Ontologies are an attempt to formalize a certain field of knowledge by defining dependencies between objects, their belonging to classes, refining their properties, and so on.
In most ontologies, a unique identifier is used for each concept, with the help of which it is possible to determine representations of a concept in a natural language, its meaning, relationships with other entities. The question is, why do I need to artificially enter identifiers? The answer is simple: such a representation of knowledge in ontology allows you to separate the variety of meanings that have the same words of a natural language from each other.
Ontologies are a kind of bridge between a person in all the diversity of his speech and thought and a computer that is able to "understand" only clear commands. At the same time, man is able to expose part of the system of his world into the framework of ontology.
Currently there are many ontologies: DBpedia, Freebase, Wikidata, WordNet, Cyc and many others. From them you can extract a large number of facts, relationships between concepts, belonging to classes and much more.
The problem of ontologies is the incomplete reliability of the data, their complexity and even some inconsistency (manifested in ontologies created automatically). Manually created ontologies are smaller, but have a greater degree of reliability and often a hierarchy of concepts.
However, they are also not without problems: some areas have an excessive number of connections between concepts, some are practically not covered. It is not surprising, because it is impossible to foresee everything in practice.
Ontologies are used everywhere when it comes to the intellectual processing of information in order to provide “understanding” of natural language texts by machines. The better the ontology is built, the more deeply the machine can understand a person. But neither full understanding, nor understanding at a good level due to only ontologies can be achieved.
Nevertheless, ontologies have a very important property: they allow the reuse of data. They are based not on statistics, but on real knowledge that a person owns.
Ontologies are a great help in creating artificial intelligence systems. The main question is how to use them better, how to remove confusion in the data, and how to consider the connections between concepts.
Google, for example, uses the Freebase ontology to respond to user queries. It helps to find brief and useful information about the object that the user is looking for. But in this version, ontologies lose their initial purpose, many connections are not taken into account. They become just a convenient tool for storing data.
Large ontologies often have references to each other. This makes it possible to integrate large-scale data in order to find answers to a wide range of user questions using a context-relevant network.
Let us present the pros and cons of existing ontologies in the table using the four large ontologies Dbpedia, Freebase, OpenCyc, Wikidata as an example and compare them with the Mind Simulation ontology.
We list and give a brief description of the criteria by which we will compare ontologies:
Support for languages other than English.
Ranks of relations between entities: how strong is the relationship between entities, how much is it used.
Ranks and order of entities: how often the entity is used (in the corpus of texts).

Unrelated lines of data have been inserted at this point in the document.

lemma prob_K_decoder_ge:
  fixes A :: "bool list set" and T :: nat
  assumes "0 < p" "p < 1/2" "k \<ge> 1" "\<epsilon> > 0" "s \<in> A" "\<forall>s\<in>A. length s = n"
    and sep: "\<forall>s'\<in>A. s' \<noteq> s \<longrightarrow> 2 * \<epsilon> \<le> K_dist p k s s'"
  defines "C \<equiv> {x :: bool list. length x = k} \<times> {1..n - k + 1}"
    and "K \<equiv> \<lambda>s (x, i). Kfun p k s x i"
    and "est \<equiv> \<lambda>ts (x, i). (\<Sum>t\<leftarrow>ts. K_estimator p k x i t) / real T"
  shows "1 - real (card C) * (2 * exp (- real T * \<epsilon>\<^sup>2 / (2 * (K_estimator_bound p k)\<^sup>2)))
       \<le> measure_pmf.prob (traces_pmf p T s)
            {ts. (SOME s'. s' \<in> A \<and> (\<forall>c\<in>C. \<bar>K s' c - est ts c\<bar> < \<epsilon>)) = s}"
proof (rule prob_nearest_candidate_ge)
  show "finite C"
    using finite_lists_length_eq[of "UNIV :: bool set" k] by (simp add: C_def)
next
  fix s' assume "s' \<in> A" "s' \<noteq> s"
  obtain x i where "length x = k" "i \<in> {1..n - k + 1}"
    and "K_dist p k s s' = \<bar>Kfun p k s x i - Kfun p k s' x i\<bar>"
    using K_dist_attained[of k s p s'] assms(5,6) by auto
  moreover have "2 * \<epsilon> \<le> K_dist p k s s'"
    using sep \<open>s' \<in> A\<close> \<open>s' \<noteq> s\<close> by auto
  ultimately show "\<exists>c\<in>C. 2 * \<epsilon> \<le> \<bar>K s c - K s' c\<bar>"
    by (intro bexI[of _ "(x, i)"]) (simp_all add: C_def K_def)
next
  fix c assume "c \<in> C"
  then obtain x i where "c = (x, i)" "length x = k" "i \<ge> 1"
    unfolding C_def by auto
  then show "measure_pmf.prob (traces_pmf p T s) {ts. \<epsilon> \<le> \<bar>K s c - est ts c\<bar>}
      \<le> 2 * exp (- real T * \<epsilon>\<^sup>2 / (2 * (K_estimator_bound p k)\<^sup>2))"
    using K_estimate_deviation[OF assms(1,2) \<open>length x = k\<close> \<open>k \<ge> 1\<close> \<open>i \<ge> 1\<close> \<open>\<epsilon> > 0\<close>, of T s]
    unfolding K_def est_def by simp
qed (use assms in simp)


section \<open>The sample size\<close>

lemma card_lists_length_bool: "card {x :: bool list. length x = k} = 2 ^ k"
  using card_lists_length_eq[of "UNIV :: bool set" k] by simp

lemma ge_2_if_log_ge_2:
  assumes "real k = c * log 2 (real n)" "k \<ge> 2"
  shows "n \<ge> 2"
proof (rule ccontr)
  assume "\<not> n \<ge> 2"
  then have "n = 0 \<or> n = 1" by auto
  then show False using assms by (auto simp: log_def)
qed

lemma powr_log_eq_power:
  assumes "n > 0" "y > 0" "real k = c * log 2 n"
  shows "n powr (c * log 2 y) = y ^ k"
proof -
  have "y ^ k = exp (c * (ln n / ln 2) * ln y)"
    using assms by (simp add: powr_realpow[symmetric] powr_def log_def)
  also have "\<dots> = n powr (c * log 2 y)"
    using assms by (simp add: powr_def log_def algebra_simps)
  finally show ?thesis by simp
qed

lemma alpha_c_eq:
  assumes "0 < p" "p < 1/2"
  shows "alpha_c c p = 1 + c * log 2 (1 / (1 - p / (1 - p)))"
proof -
  define r where "r = p / (1 - p)"
  have r: "0 < r" "r < 1" using assms by (auto simp: r_def field_simps)
  have "log 2 ((1 - p) / p) = - log 2 r"
    unfolding r_def using assms by (simp add: log_divide)
  moreover have "(c * bin_entropy (1 - r) + c * log 2 r) / (1 - r) = c * (log 2 r - log 2 (1 - r))"
    using r by (simp add: bin_entropy_def field_simps)
  ultimately have "alpha_c c p = 1 - c * log 2 (1 - r)"
    unfolding alpha_c_def r_def[symmetric] by (simp add: algebra_simps)
  moreover have "log 2 (1 / (1 - r)) = - log 2 (1 - r)"
    using r by (simp add: log_divide)
  ultimately show ?thesis by (simp add: r_def)
qed

lemma K_estimator_bound_le_f_c:
  assumes "0 < p" "p < 1/2" "real k = c * log 2 (real n)" "n \<ge> 2"
  shows "2 * (K_estimator_bound p k)\<^sup>2 \<le> f_c c p n"
proof -
  define q where "q = 1 / (1 - p / (1 - p))"
  have "q \<ge> 1" using assms by (simp add: q_def field_simps)
  have "0 < 1 - p" using assms by simp
  have n: "real n > 0" using assms by simp
  have "alpha_c c p = 1 + c * log 2 q"
    using alpha_c_eq[OF assms(1,2)] by (simp add: q_def)
  then have "real n powr alpha_c c p = real n * q ^ k"
    using powr_log_eq_power[OF n _ assms(3), of q] \<open>q \<ge> 1\<close> n by (simp add: powr_add)
  moreover have "real n powr (2 * c * log 2 (1 - p) - 1) = ((1 - p) ^ k)\<^sup>2 / real n"
    using powr_log_eq_power[OF n _ assms(3), of "(1 - p) ^ 2"] \<open>0 < 1 - p\<close> n
    by (simp add: powr_diff log_nat_power mult_ac flip: power_mult)
  ultimately have f_c: "f_c c p n = (1 + 2 * (real n * q ^ k))\<^sup>2 * (real n / 2) / ((1 - p) ^ k)\<^sup>2"
    unfolding f_c_def by simp
  have "2 * (q ^ (k - 1))\<^sup>2 \<le> (2 * q ^ (k - 1))\<^sup>2"
    by (simp add: power_mult_distrib)
  also have "\<dots> \<le> (1 + 2 * (real n * q ^ k))\<^sup>2"
  proof (rule power_mono)
    have "q ^ (k - 1) \<le> q ^ k" using \<open>q \<ge> 1\<close> by (intro power_increasing) auto
    also have "\<dots> \<le> real n * q ^ k" using assms \<open>q \<ge> 1\<close> by simp
    finally show "2 * q ^ (k - 1) \<le> 1 + 2 * (real n * q ^ k)" by simp
  qed (use \<open>q \<ge> 1\<close> in simp)
  also have "\<dots> \<le> (1 + 2 * (real n * q ^ k))\<^sup>2 * (real n / 2)"
    using mult_left_mono[of 1 "real n / 2" "(1 + 2 * (real n * q ^ k))\<^sup>2"] assms by simp
  finally have "2 * (q ^ (k - 1))\<^sup>2 / ((1 - p) ^ k)\<^sup>2
      \<le> (1 + 2 * (real n * q ^ k))\<^sup>2 * (real n / 2) / ((1 - p) ^ k)\<^sup>2"
    by (rule divide_right_mono) simp
  then show ?thesis
    unfolding f_c K_estimator_bound_def q_def[symmetric] by (simp add: power_divide)
qed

The presence of a description of entities: a description of an entity in a natural language.
The time of occurrence of the fact: storage of the time of appearance of the fact for each entity (helps to monitor the relevance of the facts)
Is the ontology updated: do new knowledge appear in the ontology (an important aspect for the modern, rapidly changing world).
Presence of facts: storage of facts in ontology (for example, Pushkin was born in 1799).
Storage of the truth of knowledge. The ability to store knowledge with negation: storage of the coefficient of truth of knowledge, due to it you can store negative knowledge (for example, a penguin does not fly).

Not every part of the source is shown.